Location: Innovative Fruit Production, Improvement, and Protection
2019 Annual Report
Objectives
Objective 1: Develop, late flowering peach germplasm that is less susceptible to bloom-time cold injury using advanced breeding technologies and discovery of the genetic and epigenetic factors underpinning flowering time, chilling requirement, and dormancy.
1.A. Studies on the genetic and epigenetic mechanisms of dormancy and flowering time.
1.B. Genetically characterize the Extreme Late Blooming (ELB) trait.
1.C. Introgress later flowering traits into peach/nectarine breeding program.
Objective 2: Develop enhanced germplasm with pillar and upright growth habits that will enable high density production and/or efficient mechanization and fill key genetic knowledge gaps regarding fruit tree scion architecture.
2.A. Study environmental regulation of TAC/LAZY genes.
2.B. Evaluate transgenic plum germplsam with altered architecture to assess potential agronomic value.
2.C. Perform crosses to combine pillar/upright trait with supersweet and commercial quality peach/nectarine traits.

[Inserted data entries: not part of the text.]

lemma ext3_nth_series_last:
  assumes "\<And>i. trilin s (G i)"
  shows "ext3 G (fps_const x) (fps_const y) w $ m = (\<Sum>i\<le>m. G i x y (w $ (m - i)))"
  unfolding ext3_nth
  by (intro sum.cong refl, subst sum_atMost_eq_first, simp add: trilin_zero1[OF assms],
      subst sum_atMost_eq_first) (auto simp: trilin_zero2[OF assms])

lemma ext3_nth_series_middle:
  assumes "\<And>i. trilin s (G i)"
  shows "ext3 G (fps_const x) w (fps_const z) $ m = (\<Sum>i\<le>m. G i x (w $ (m - i)) z)"
  unfolding ext3_nth
  by (intro sum.cong refl, subst sum_atMost_eq_first, simp add: trilin_zero1[OF assms],
      subst sum_atMost_eq_last) (auto simp: trilin_zero3[OF assms])

lemma ext3_nth_series_first:
  assumes "\<And>i. trilin s (G i)"
  shows "ext3 G w (fps_const y) (fps_const z) $ m = (\<Sum>i\<le>m. G i (w $ (m - i)) y z)"
proof -
  have "(\<Sum>k\<le>m - i - j. G i (w $ j) (fps_const y $ k) (fps_const z $ (m - i - j - k)))
      = G i (w $ j) y (fps_const z $ (m - i - j))" for i j
    by (subst sum_atMost_eq_first) (auto simp: trilin_zero2[OF assms])
  then show ?thesis
    unfolding ext3_nth
    by (intro sum.cong refl, simp, subst sum_atMost_eq_last) (auto simp: trilin_zero3[OF assms])
qed

lemma ext3_const_nth:
  assumes "\<And>i. trilin s (G i)"
  shows "ext3 G (fps_const x) (fps_const y) (fps_const z) $ m = G m x y z"
  unfolding ext3_nth_series_last[OF assms]
  by (subst sum_atMost_eq_last) (auto simp: trilin_zero3[OF assms])

lemma ext1_cong_nth:
  assumes "\<And>i. i \<le> n \<Longrightarrow> P i = Q i" "\<And>j. j \<le> n \<Longrightarrow> x $ j = y $ j"
  shows "ext1 P x $ n = ext1 Q y $ n"
  unfolding ext1_nth using assms by (intro sum.cong) auto

lemma ext2_cong_nth:
  assumes "\<And>i. i \<le> n \<Longrightarrow> F i = F' i" "\<And>j. j \<le> n \<Longrightarrow> x $ j = x' $ j"
     "\<And>j. j \<le> n \<Longrightarrow> y $ j = y' $ j"
  shows "ext2 F x y $ n = ext2 F' x' y' $ n"
  unfolding ext2_nth using assms by (intro sum.cong) auto

lemma ext3_cong_nth:
  assumes "\<And>i. i \<le> n \<Longrightarrow> G i = G' i" "\<And>j. j \<le> n \<Longrightarrow> x $ j = x' $ j"
     "\<And>j. j \<le> n \<Longrightarrow> y $ j = y' $ j" "\<And>j. j \<le> n \<Longrightarrow> z $ j = z' $ j"
  shows "ext3 G x y z $ n = ext3 G' x' y' z' $ n"
  unfolding ext3_nth using assms by (intro sum.cong) auto

section \<open>Gauges\<close>

text \<open>A gauge is the coefficient sequence of a series \<open>\<Sum> P i t^i\<close> of linear maps, acting on
  \<open>L[[t]]\<close> through \<open>ext1\<close>.\<close>

definition gauge :: "('k \<Rightarrow> 'v \<Rightarrow> 'v) \<Rightarrow> ('v \<Rightarrow> 'v) \<Rightarrow> (nat \<Rightarrow> 'v::ab_group_add \<Rightarrow> 'v) \<Rightarrow> bool" where
  "gauge s a P \<longleftrightarrow> P 0 = id \<and> (\<forall>i. HomC1 s a (P i))"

Objective 3: Develop enhanced tree fruit rootstock germplasm with dwarfing, precocity, and superior performance and fill key genetic knowledge gaps regarding fruit tree root architecture.
3.A. Create transgenic plums with altered root architectures and evaluate phenotypes.
3.B. Transform pear rootstocks with candidate apple Dw1 or Dw2 genes.
Objective 4: Develop commercial high sugar peach varieties, stoneless plums, and fill knowledge gaps about agronomically important fruit developmental traits (such as flesh texture, fruit size, and sweetness).
4.A. Functionally characterize genes that control early fruit development and important fruit quality traits.
4.B. Study the impacts of down regulating lignin pathway genes on stone development.
4.C. Genetically characterized the stoneless plum trait for breeding.
4.D. Perform crosses to combine supersweet with pillar/upright and commercial quality peach/nectarine traits.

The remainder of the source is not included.